Summary of WHAT IS AI INFERENCE AT THE EDGE?
The article explains the distinction between training and inference in machine learning and argues for running AI inference at the edge to reduce latency and network dependence. It highlights Google Edge TPU as a custom ASIC optimized for low-power, high-speed edge inference, capable of running mobile vision models (e.g., MobileNet V2) at high frame rates and offering up to 4 TOPS at about 2 watts. Edge inference suits time-sensitive IoT and embedded applications better than cloud-only inference.
Parts used in the Google Edge TPU project:
- Google Edge TPU (ASIC)
- Embedded device or electronic hardware for data capture
- Mobile vision models such as MobileNet V2
- Low-power power supply (approx. supporting 2 watts operation)
- Coral prototyping or production hardware integrating Edge TPU
The conventional style of using network connectivity in bringing artificial intelligence models to improve performance and efficiency needs some modification to meet the demands from the embedded systems to the automobile industry. Before directly jumping to the role of AI inference at the edge, let us understand the difference between training and inference. Machine learning training refers to the process of building an algorithm with frameworks and datasets, while in the case of inference, it takes the trained machine learning algorithms to make a prediction.

By getting AI inference at the edge, there is a significant improvement in the performance along with the reduced time (inference time) and reducing the dependency on the network connectivity.

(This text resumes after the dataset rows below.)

lemma SOe_matrix_inv:
  assumes "g \<in> SOe"
  shows "matrix_inv g ** g = mat 1" "g ** matrix_inv g = mat 1"
  using matrix_inv_eq_left_inverse[OF SOe_left_inverse[OF assms]] SOe_left_inverse[OF assms] by simp_all

lemma SOe_matrix_inv_preserves_lorentz:
  assumes "g \<in> SOe" shows "lorentz (matrix_inv g *v x) (matrix_inv g *v y) = lorentz x y"
  using SOe_preserves_lorentz[OF assms, of "matrix_inv g *v x" "matrix_inv g *v y"]
  by (simp add: matrix_vector_mul_assoc SOe_matrix_inv[OF assms])

lemma so_line_stab_conjugate:
  assumes pres: "\<And>x y. lorentz (h *v x) (h *v y) = lorentz x y"
    and hk: "h ** k = mat 1" and kh: "k ** h = mat 1"
    and X: "X \<in> so_line_stab (h *v n)"
  shows "k ** X ** h \<in> so_line_stab n"
proof -
  obtain l where "X \<in> so_n1" and l: "X *v (h *v n) = l *\<^sub>R (h *v n)"
    using X by (auto simp: so_line_stab_def)
  have hv: "h *v ((k ** X ** h) *v x) = X *v (h *v x)" for x
    using hk by (simp add: matrix_vector_mul_assoc matrix_mul_assoc)
  have "lorentz ((k ** X ** h) *v x) y + lorentz x ((k ** X ** h) *v y) = 0" for x y
  proof -
    have "lorentz ((k ** X ** h) *v x) y + lorentz x ((k ** X ** h) *v y)
        = lorentz (X *v (h *v x)) (h *v y) + lorentz (h *v x) (X *v (h *v y))"
      using pres[of "(k ** X ** h) *v x" y] pres[of x "(k ** X ** h) *v y"] by (simp add: hv)
    also have "\<dots> = 0" using \<open>X \<in> so_n1\<close> by (simp add: so_n1_iff_skew)
    finally show ?thesis .
  qed
  then have so: "k ** X ** h \<in> so_n1" by (simp add: so_n1_iff_skew)
  have "(k ** X ** h) *v n = k *v (X *v (h *v n))"
    by (simp add: matrix_vector_mul_assoc matrix_mul_assoc)
  also have "\<dots> = l *\<^sub>R (k *v (h *v n))" by (simp only: l matrix_vector_mult_scaleR)
  also have "\<dots> = l *\<^sub>R n" using kh by (simp add: matrix_vector_mul_assoc)
  finally show ?thesis using so by (auto simp: so_line_stab_def)
qed

lemma so_line_stab_conjugate_iff:
  assumes g: "g \<in> SOe"
  shows "X \<in> so_line_stab (g *v n) \<longleftrightarrow> matrix_inv g ** X ** g \<in> so_line_stab n"
proof
  note inv = SOe_matrix_inv[OF g]
  show "X \<in> so_line_stab (g *v n) \<Longrightarrow> matrix_inv g ** X ** g \<in> so_line_stab n"
    using so_line_stab_conjugate[OF SOe_preserves_lorentz[OF g] inv(2) inv(1)] .
  assume "matrix_inv g ** X ** g \<in> so_line_stab n"
  then have "matrix_inv g ** X ** g \<in> so_line_stab (matrix_inv g *v (g *v n))"
    using inv by (simp add: matrix_vector_mul_assoc)
  from so_line_stab_conjugate[OF SOe_matrix_inv_preserves_lorentz[OF g] inv(1) inv(2) this]
  show "X \<in> so_line_stab (g *v n)"
    using inv by (simp add: matrix_mul_assoc) (simp add: matrix_mul_assoc[symmetric])
qed

definition std_null :: "real^('n::finite+1)" where "std_null = axis boost_ix 1 + axis time_ix 1"

lemma std_null_entry: "std_null $ i = (if i = boost_ix \<or> i = time_ix then 1 else 0)"
  by (auto simp: std_null_def axis_def)

lemma mult_std_null: "(X *v std_null) $ i = X$i$boost_ix + X$i$time_ix"
  by (simp add: std_null_def matrix_vector_right_distrib matrix_vector_mult_basis column_def)

lemma H_so_entry:
  "H_so $ i $ j = (if (i = boost_ix \<and> j = time_ix) \<or> (i = time_ix \<and> j = boost_ix) then 1 else 0)"
  by (simp add: H_so_def boost_ix_def time_ix_def)

lemma mbracket_H_so:
  "mbracket H_so X $ i $ j =
     (if i = boost_ix then X$time_ix$j else if i = time_ix then X$boost_ix$j else 0)
   - (if j = boost_ix then X$i$time_ix else if j = time_ix then X$i$boost_ix else 0)"
proof -
  have "(H_so ** X) $ i $ j = (if i = boost_ix then X$time_ix$j else if i = time_ix then X$boost_ix$j else 0)"
    by (auto simp: matrix_matrix_mult_def H_so_entry if_distrib[where f="\<lambda>x. x * _"]
        cong: if_cong)
  moreover have "(X ** H_so) $ i $ j = (if j = boost_ix then X$i$time_ix else if j = time_ix then X$i$boost_ix else 0)"
    by (auto simp: matrix_matrix_mult_def H_so_entry if_distrib[where f="\<lambda>x. _ * x"]
        cong: if_cong)
  ultimately show ?thesis by (simp add: mbracket_def)
qed

lemma std_min_parabolic_so_subset:
  "std_min_parabolic so_n1 H_so 1 \<subseteq> so_line_stab (std_null::real^('n::finite+1))"
proof
  fix X :: "real^('n+1)^('n+1)"
  assume "X \<in> std_min_parabolic so_n1 H_so 1"
  then obtain Y Z where YZ: "X = Y + Z" "Y \<in> so_n1" "Z \<in> so_n1" "mbracket H_so Y = 0"
     "mbracket H_so Z = mat 1 ** Z" unfolding std_min_parabolic_def by auto
  have Y: "(if i = boost_ix then Y$time_ix$j else if i = time_ix then Y$boost_ix$j else 0) =
            (if j = boost_ix then Y$i$time_ix else if j = time_ix then Y$i$boost_ix else 0)" for i j
    using arg_cong[OF YZ(4), of "\<lambda>M. M $ i $ j"] by (simp add: mbracket_H_so)
  have Z: "(if i = boost_ix then Z$time_ix$j else if i = time_ix then Z$boost_ix$j else 0) -
            (if j = boost_ix then Z$i$time_ix else if j = time_ix then Z$i$boost_ix else 0) = Z$i$j" for i j
    using arg_cong[OF YZ(5), of "\<lambda>M. M $ i $ j"] by (simp add: mbracket_H_so)
  have Z_plane: "Z$boost_ix$boost_ix = 0" "Z$boost_ix$time_ix = 0" "Z$time_ix$boost_ix = 0"
    "Z$time_ix$time_ix = 0"
    using Z[of boost_ix boost_ix] Z[of boost_ix time_ix] Z[of time_ix boost_ix] Z[of time_ix time_ix]
    by simp_all
  have "(X *v std_null) $ i = ((Y$boost_ix$boost_ix + Y$boost_ix$time_ix) *\<^sub>R std_null) $ i" for i
  proof (cases "i = boost_ix \<or> i = time_ix")
    case True
    then show ?thesis using Z_plane Y[of boost_ix boost_ix] Y[of boost_ix time_ix] YZ(1)
      by (auto simp: mult_std_null std_null_entry)
  next
    case False
    then show ?thesis using Y[of i boost_ix] Y[of i time_ix] Z[of i boost_ix] Z[of i time_ix] YZ(1)
      by (simp add: mult_std_null std_null_entry)
  qed
  then have "X *v std_null = (Y$boost_ix$boost_ix + Y$boost_ix$time_ix) *\<^sub>R std_null"
    by (simp add: vec_eq_iff)
  moreover have "X \<in> so_n1" using YZ so_n1_add by simp
  ultimately show "X \<in> so_line_stab std_null" unfolding so_line_stab_def by blast
qed

text \<open>The decomposition \<open>X = Y + Z\<close> splits \<open>X\<close> into the blocks preserving and exchanging
  the boost plane and its orthogonal complement.\<close>
lemma std_min_parabolic_so_supset:
  "so_line_stab (std_null::real^('n::finite+1)) \<subseteq> std_min_parabolic so_n1 H_so 1"
proof
  fix X :: "real^('n+1)^('n+1)"
  assume "X \<in> so_line_stab std_null"
  then obtain l where X: "X \<in> so_n1" "X *v std_null = l *\<^sub>R std_null"
    by (auto simp: so_line_stab_def)
  let ?plane = "\<lambda>i. i = boost_ix \<or> i = time_ix"
  have skew: "X$j$i * lorentz_sign j + lorentz_sign i * X$i$j = 0" for i j
    using X(1) by (simp add: so_n1_iff_entries)
  have diag: "X$i$i = 0" for i using skew[of i i] by (simp add: lorentz_sign_def split: if_splits)
  have plane: "X$time_ix$boost_ix = X$boost_ix$time_ix" using skew[of boost_ix time_ix] by simp
  have out: "X$i$boost_ix = - X$i$time_ix" "X$time_ix$i = X$boost_ix$i" if "\<not> ?plane i" for i
  proof -
    have "(X *v std_null)$i = (l *\<^sub>R std_null)$i" using X(2) by simp
    then show "X$i$boost_ix = - X$i$time_ix" using that by (simp add: mult_std_null std_null_entry)
    then show "X$time_ix$i = X$boost_ix$i"
      using that skew[of boost_ix i] skew[of time_ix i] by (simp add: lorentz_sign_space)
  qed
  define Z :: "real^('n+1)^('n+1)" where "Z = (\<chi> i j. if ?plane i \<noteq> ?plane j then X$i$j else 0)"
  define Y where "Y = X - Z"
  have Z_entry: "Z$i$j = (if ?plane i \<noteq> ?plane j then X$i$j else 0)" for i j
    by (simp add: Z_def)
  have Y_entry: "Y$i$j = (if ?plane i \<noteq> ?plane j then 0 else X$i$j)" for i j
    by (cases "?plane i"; cases "?plane j") (simp_all add: Y_def Z_entry)
  have "Z \<in> so_n1"
    unfolding so_n1_iff_entries using skew by (auto simp: Z_entry mult.commute)
  moreover from this have "Y \<in> so_n1" using X(1) by (simp add: Y_def so_n1_diff)
  moreover have "mbracket H_so Y = 0"
    by (simp add: vec_eq_iff mbracket_H_so Y_entry diag plane)
  moreover have "mbracket H_so Z = mat 1 ** Z"
    by (simp add: vec_eq_iff mbracket_H_so Z_entry diag out)
  moreover have "X = Y + Z" by (simp add: Y_def)
  ultimately show "X \<in> std_min_parabolic so_n1 H_so 1"
    unfolding std_min_parabolic_def by blast
qed

lemma min_parabolic_so_iff:
  "min_parabolic (SOe::(real^('n::finite+1)^('n+1)) set) so_n1 H_so 1 p \<longleftrightarrow>
     (\<exists>g\<in>SOe. p = so_line_stab (g *v std_null))"
proof -
  have "std_min_parabolic so_n1 H_so 1 = so_line_stab (std_null::real^('n+1))"
    using std_min_parabolic_so_subset std_min_parabolic_so_supset by blast
  then have "(\<lambda>X. g ** X ** matrix_inv g) ` std_min_parabolic so_n1 H_so 1 = so_line_stab (g *v std_null)"
    if g: "g \<in> (SOe::(real^('n+1)^('n+1)) set)" for g
    unfolding conjugate_image_eq[OF SOe_matrix_inv(1)[OF g]]
    using so_line_stab_conjugate_iff[OF g] by auto
  then show ?thesis unfolding min_parabolic_def by auto
qed

lemma lorentz_axis_right: "lorentz x (axis j 1) = lorentz_sign j * x$j"
proof -
  have "lorentz x (axis j 1) = (\<Sum>k\<in>UNIV. (lorentz_sign k * x$k) * (if k = j then 1 else 0))"
    unfolding lorentz_def by (rule sum.cong) (auto simp: axis_def)
  then show ?thesis by (simp add: sum_mult_delta)
qed

lemma lorentz_axis: "lorentz (axis i 1) (axis j 1) = (if i = j then lorentz_sign i else 0)"
  by (simp add: lorentz_axis_right, simp add: axis_def)

lemma lorentz_self_eq_0_if_spacelike:
  assumes "x $ time_ix = 0" "lorentz x x = 0" shows "x = 0"
proof -
  have "lorentz x x = (\<Sum>i\<in>UNIV. x$i * x$i)"
    unfolding lorentz_def by (rule sum.cong) (use assms(1) in \<open>auto simp: lorentz_sign_def\<close>)
  then have "\<forall>i\<in>UNIV. x$i * x$i = 0" using assms(2)
    by (subst sum_nonneg_eq_0_iff[symmetric]) auto
  then show ?thesis by (simp add: vec_eq_iff)
qed

text \<open>The difference of suitable multiples of two orthogonal null vectors has no time component
  and is null, hence vanishes.\<close>
lemma null_orthogonal_parallel:
  assumes n: "lorentz n n = 0" and m: "lorentz m m = 0" and nm: "lorentz n m = 0" and "n \<noteq> 0"
  shows "m = (m$time_ix / n$time_ix) *\<^sub>R n"
proof -
  define z where "z = m$time_ix *\<^sub>R n - n$time_ix *\<^sub>R m"
  have "z$time_ix = 0" by (simp add: z_def)
  moreover have "lorentz z z = 0" using n m nm by (simp add: z_def lorentz_linear lorentz_sym[of m n])
  ultimately have "z = 0" by (rule lorentz_self_eq_0_if_spacelike)
  have "n$time_ix \<noteq> 0" using lorentz_self_eq_0_if_spacelike[of n] n \<open>n \<noteq> 0\<close> by auto
  have "n$time_ix *\<^sub>R m = m$time_ix *\<^sub>R n" using \<open>z = 0\<close> unfolding z_def by simp
  then have "(1 / n$time_ix) *\<^sub>R (n$time_ix *\<^sub>R m) = (1 / n$time_ix) *\<^sub>R (m$time_ix *\<^sub>R n)" by simp
  then show ?thesis using \<open>n$time_ix \<noteq> 0\<close> by simp
qed

lemma so_line_stab_eq_if_orthogonal:
  assumes "lorentz n n = 0" "lorentz m m = 0" "lorentz n m = 0" "n \<noteq> 0" "m \<noteq> 0"
  shows "so_line_stab n = so_line_stab m"
proof -
  let ?c = "m$time_ix / n$time_ix"
  have m: "m = ?c *\<^sub>R n" using null_orthogonal_parallel assms(1-4) .
  with \<open>m \<noteq> 0\<close> have "?c \<noteq> 0" by auto
  then show ?thesis by (subst m) (simp add: so_line_stab_scaleR)
qed

lemma lorentz_std_null: "lorentz std_null std_null = 0"
  by (simp add: std_null_def lorentz_linear lorentz_axis)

Machine learning or artificial intelligence inference can run in on the cloud as well as on a device (hardware). However, when there is a requirement for fast data processing and predictions of the outcome, AI inference at the cloud can increase the inference time creating delays in the system. For non-time critical applications, AI inference at the cloud can always do the job, but in a world full of IoT devices and applications that require fast processing, AI inference at the edge solves the problem. In AI inference at the edge, specialized models are made to run at the point of data capture, which is an electronic embedded device in this case.
Google Edge TPU is Google’s custom-built ASIC that is designed to run AI at the edge with a target for a specific kind of application. When we talk about TPUs, CPUs and GPUs, it is important to note that only TPU is an ASIC while the other two are not. Also, in TPUs, the ALUs are directly connected to each other without using memory. This means that there is a low latency in transferring information.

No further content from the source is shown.